Records for the task ::
▬▬▬

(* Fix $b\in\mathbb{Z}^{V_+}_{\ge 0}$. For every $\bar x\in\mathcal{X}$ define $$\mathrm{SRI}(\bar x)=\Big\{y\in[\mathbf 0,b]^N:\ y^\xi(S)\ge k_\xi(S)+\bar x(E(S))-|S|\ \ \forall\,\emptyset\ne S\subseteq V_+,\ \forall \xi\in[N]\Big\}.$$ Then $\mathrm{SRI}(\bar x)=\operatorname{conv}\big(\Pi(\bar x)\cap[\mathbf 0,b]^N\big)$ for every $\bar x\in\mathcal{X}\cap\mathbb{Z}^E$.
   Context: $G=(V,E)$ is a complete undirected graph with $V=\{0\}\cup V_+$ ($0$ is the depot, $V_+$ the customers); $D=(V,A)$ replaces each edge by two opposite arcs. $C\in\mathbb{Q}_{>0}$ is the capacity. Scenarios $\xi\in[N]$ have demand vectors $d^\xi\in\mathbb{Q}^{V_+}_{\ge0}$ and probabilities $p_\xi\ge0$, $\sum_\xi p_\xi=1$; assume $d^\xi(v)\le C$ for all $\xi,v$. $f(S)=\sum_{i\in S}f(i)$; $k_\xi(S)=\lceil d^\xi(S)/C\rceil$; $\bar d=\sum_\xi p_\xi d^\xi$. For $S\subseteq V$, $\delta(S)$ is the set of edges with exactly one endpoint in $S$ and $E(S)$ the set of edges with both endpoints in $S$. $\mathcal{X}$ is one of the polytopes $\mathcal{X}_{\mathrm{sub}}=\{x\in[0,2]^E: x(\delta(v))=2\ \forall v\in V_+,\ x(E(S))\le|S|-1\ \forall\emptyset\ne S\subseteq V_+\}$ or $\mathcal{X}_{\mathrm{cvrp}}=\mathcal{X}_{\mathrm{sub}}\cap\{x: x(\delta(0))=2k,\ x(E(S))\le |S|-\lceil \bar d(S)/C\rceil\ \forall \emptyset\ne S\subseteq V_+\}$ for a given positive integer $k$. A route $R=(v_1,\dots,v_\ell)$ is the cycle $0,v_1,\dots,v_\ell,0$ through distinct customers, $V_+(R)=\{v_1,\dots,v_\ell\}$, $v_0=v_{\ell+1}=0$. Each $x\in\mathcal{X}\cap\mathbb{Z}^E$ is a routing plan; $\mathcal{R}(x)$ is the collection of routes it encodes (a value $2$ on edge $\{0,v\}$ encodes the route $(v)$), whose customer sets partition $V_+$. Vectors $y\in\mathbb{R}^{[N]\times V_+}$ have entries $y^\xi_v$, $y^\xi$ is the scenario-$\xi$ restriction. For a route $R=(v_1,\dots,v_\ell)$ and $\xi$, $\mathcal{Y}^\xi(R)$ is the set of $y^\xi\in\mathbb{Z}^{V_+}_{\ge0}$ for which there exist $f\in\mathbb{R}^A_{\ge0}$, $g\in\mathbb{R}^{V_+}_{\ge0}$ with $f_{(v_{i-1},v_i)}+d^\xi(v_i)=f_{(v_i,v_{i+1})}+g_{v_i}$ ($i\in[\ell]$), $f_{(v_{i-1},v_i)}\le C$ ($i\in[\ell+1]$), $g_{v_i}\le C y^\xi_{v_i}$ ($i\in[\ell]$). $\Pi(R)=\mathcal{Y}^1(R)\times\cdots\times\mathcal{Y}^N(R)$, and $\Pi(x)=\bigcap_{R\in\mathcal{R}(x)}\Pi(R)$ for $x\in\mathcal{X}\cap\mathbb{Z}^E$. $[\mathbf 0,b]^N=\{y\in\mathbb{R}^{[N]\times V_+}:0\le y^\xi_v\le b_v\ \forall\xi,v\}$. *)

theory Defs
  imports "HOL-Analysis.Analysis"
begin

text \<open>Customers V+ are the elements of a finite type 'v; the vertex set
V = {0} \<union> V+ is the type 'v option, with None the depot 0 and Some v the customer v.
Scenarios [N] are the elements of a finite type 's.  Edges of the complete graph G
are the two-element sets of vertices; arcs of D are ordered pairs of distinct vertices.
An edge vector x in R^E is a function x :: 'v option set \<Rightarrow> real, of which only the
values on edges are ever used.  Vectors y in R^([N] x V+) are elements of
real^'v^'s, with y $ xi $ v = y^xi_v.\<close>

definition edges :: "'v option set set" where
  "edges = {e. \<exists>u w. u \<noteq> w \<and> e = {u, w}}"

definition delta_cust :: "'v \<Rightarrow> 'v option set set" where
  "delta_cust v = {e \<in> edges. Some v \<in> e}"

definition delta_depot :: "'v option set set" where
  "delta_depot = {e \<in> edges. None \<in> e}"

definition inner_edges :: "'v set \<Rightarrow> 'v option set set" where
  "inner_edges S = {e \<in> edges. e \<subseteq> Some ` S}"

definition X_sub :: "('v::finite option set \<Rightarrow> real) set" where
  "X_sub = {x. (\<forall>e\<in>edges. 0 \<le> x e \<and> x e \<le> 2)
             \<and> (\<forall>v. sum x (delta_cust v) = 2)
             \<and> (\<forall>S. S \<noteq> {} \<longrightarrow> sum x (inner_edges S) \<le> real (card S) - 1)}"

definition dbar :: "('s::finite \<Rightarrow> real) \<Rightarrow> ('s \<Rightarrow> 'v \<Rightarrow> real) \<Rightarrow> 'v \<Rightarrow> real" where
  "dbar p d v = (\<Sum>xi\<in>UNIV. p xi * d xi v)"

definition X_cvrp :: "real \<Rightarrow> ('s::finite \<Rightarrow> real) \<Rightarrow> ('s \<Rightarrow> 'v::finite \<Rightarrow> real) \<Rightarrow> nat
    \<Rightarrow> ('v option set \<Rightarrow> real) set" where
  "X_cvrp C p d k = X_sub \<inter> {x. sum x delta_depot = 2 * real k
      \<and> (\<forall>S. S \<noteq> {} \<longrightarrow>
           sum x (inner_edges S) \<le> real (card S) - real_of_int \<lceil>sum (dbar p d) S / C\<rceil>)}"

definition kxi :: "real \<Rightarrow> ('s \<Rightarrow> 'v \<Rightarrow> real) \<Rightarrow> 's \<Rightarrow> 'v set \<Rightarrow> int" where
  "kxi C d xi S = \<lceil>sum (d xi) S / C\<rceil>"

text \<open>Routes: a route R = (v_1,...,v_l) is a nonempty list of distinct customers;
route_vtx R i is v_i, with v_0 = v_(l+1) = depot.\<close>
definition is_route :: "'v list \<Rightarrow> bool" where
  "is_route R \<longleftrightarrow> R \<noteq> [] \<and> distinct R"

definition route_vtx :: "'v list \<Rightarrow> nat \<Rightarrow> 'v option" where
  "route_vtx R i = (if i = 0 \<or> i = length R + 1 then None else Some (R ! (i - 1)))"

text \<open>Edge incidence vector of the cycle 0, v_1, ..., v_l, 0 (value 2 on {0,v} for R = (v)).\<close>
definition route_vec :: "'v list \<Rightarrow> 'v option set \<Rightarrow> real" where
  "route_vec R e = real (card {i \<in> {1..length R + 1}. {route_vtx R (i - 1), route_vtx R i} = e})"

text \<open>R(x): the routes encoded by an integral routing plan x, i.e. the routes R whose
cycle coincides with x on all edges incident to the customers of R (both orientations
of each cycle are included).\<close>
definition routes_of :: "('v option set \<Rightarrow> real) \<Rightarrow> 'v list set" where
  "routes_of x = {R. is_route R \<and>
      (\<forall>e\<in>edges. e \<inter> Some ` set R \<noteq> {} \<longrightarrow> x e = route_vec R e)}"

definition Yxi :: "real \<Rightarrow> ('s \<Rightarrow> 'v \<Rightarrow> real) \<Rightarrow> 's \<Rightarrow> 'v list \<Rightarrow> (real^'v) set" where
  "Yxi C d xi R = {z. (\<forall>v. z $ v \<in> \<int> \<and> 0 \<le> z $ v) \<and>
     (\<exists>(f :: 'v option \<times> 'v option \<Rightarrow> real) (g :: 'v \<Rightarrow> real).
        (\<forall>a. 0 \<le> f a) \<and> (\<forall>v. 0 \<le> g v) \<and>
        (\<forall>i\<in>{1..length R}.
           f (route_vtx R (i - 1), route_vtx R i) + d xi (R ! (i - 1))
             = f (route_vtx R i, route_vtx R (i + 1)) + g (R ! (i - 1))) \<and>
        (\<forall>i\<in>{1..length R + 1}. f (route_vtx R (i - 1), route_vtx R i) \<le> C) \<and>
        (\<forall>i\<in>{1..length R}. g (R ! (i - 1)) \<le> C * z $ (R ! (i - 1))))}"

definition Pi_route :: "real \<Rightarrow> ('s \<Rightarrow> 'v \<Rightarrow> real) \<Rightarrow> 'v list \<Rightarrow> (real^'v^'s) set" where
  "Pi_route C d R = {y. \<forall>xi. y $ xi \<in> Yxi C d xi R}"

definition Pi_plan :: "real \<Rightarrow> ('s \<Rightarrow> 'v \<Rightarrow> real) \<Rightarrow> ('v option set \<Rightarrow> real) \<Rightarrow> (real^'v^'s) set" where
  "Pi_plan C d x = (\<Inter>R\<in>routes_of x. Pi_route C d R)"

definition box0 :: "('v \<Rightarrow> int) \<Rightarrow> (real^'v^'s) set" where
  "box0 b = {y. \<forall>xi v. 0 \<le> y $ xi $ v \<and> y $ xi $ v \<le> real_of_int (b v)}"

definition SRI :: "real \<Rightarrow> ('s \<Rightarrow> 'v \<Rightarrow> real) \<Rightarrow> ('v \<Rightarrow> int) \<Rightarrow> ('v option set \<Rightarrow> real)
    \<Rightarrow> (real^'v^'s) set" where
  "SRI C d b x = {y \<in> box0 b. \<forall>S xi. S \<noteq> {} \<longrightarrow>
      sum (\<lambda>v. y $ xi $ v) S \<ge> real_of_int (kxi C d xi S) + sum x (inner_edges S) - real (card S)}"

▬▬▬

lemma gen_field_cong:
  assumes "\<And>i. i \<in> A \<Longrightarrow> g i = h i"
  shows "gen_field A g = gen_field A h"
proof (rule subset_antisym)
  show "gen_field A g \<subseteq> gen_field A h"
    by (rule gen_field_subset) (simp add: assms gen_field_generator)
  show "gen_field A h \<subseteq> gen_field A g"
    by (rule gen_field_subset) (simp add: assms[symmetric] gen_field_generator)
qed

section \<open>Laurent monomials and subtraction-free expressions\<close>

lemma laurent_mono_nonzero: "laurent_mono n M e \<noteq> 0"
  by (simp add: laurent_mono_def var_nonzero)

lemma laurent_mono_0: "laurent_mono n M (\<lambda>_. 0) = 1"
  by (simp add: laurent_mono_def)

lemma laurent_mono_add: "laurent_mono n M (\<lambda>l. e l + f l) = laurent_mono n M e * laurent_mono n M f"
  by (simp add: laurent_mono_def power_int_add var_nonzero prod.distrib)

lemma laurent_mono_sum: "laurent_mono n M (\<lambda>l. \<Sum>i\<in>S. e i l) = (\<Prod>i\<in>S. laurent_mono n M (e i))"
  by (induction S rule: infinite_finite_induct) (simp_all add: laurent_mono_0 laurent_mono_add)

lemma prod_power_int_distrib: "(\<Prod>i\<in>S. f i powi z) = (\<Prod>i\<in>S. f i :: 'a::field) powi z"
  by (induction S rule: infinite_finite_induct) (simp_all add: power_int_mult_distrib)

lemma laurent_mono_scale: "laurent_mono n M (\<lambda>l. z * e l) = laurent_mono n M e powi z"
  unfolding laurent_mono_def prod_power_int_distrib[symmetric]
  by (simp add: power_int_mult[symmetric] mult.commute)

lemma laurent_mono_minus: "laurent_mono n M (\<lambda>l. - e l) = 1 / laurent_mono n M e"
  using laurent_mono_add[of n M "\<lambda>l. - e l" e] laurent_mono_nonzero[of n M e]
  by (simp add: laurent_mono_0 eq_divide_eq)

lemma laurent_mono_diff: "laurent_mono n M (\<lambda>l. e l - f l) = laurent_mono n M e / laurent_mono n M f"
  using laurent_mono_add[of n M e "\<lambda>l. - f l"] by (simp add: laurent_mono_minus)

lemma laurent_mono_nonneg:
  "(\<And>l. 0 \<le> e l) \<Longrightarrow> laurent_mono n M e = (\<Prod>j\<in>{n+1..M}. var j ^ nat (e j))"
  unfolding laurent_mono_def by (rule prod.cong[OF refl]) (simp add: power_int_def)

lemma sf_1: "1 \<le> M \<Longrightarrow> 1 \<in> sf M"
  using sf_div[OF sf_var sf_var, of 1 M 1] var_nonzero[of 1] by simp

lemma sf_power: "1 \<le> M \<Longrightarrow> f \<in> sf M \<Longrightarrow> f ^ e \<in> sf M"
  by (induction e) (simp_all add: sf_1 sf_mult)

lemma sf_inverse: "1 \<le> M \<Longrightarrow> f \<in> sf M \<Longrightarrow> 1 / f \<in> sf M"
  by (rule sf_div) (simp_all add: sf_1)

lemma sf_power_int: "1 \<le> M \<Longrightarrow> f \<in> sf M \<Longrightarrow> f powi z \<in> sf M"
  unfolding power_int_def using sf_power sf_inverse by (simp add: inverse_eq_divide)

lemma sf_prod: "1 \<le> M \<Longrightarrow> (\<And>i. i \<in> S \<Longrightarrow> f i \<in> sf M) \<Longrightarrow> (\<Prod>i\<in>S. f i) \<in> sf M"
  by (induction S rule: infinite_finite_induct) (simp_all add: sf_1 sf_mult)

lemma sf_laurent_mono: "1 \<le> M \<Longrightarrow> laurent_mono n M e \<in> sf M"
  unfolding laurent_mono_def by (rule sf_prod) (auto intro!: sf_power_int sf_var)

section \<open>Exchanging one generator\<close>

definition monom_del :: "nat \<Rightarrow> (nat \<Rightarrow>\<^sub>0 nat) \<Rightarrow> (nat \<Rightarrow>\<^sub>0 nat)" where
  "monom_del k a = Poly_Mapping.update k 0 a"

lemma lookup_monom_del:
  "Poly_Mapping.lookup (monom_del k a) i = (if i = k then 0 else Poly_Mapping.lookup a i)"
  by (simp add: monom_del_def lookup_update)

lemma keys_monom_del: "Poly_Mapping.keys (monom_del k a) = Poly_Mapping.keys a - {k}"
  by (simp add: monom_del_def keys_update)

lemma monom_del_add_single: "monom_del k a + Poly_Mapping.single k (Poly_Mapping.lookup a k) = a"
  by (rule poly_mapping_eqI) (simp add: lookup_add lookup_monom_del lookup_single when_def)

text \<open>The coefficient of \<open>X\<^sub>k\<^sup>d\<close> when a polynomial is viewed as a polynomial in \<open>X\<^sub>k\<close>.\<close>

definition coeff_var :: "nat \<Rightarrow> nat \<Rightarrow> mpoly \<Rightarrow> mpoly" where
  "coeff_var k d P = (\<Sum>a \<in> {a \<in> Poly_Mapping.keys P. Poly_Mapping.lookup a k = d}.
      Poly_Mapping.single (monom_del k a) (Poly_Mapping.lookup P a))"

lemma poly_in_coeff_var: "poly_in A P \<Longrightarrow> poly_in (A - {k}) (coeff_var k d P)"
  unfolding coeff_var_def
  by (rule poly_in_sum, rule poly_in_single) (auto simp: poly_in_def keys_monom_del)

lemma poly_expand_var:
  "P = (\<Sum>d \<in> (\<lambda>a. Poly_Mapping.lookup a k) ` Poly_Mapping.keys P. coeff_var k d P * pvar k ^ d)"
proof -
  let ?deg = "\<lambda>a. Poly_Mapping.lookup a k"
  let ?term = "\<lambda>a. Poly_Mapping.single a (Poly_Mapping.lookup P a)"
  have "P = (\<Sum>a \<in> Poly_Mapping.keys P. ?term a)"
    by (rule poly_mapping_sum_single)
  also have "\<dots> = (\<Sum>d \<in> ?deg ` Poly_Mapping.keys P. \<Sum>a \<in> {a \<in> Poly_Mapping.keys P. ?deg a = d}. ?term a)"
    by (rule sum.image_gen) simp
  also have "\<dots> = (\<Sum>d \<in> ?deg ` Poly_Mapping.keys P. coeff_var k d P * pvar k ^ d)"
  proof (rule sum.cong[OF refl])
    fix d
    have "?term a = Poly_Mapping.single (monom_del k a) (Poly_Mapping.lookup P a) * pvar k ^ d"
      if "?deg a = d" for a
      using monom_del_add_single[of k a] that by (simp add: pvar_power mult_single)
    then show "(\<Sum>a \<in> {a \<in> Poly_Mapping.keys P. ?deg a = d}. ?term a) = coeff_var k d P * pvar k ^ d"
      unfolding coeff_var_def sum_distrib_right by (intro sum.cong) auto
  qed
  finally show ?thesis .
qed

▬▬▬

Work order :: Set down exactly the lines of the data above, beginning with the line that has "box0 b. \<forall>S" and ending with the line that has "sum (\<lambda>v. y", and no others.

Your solution ::
  "SRI C d b x = {y \<in> box0 b. \<forall>S xi. S \<noteq> {} \<longrightarrow>
      sum (\<lambda>v. y $ xi $ v) S \<ge> real_of_int (kxi C d xi S) + sum x (inner_edges S) - real (card S)}"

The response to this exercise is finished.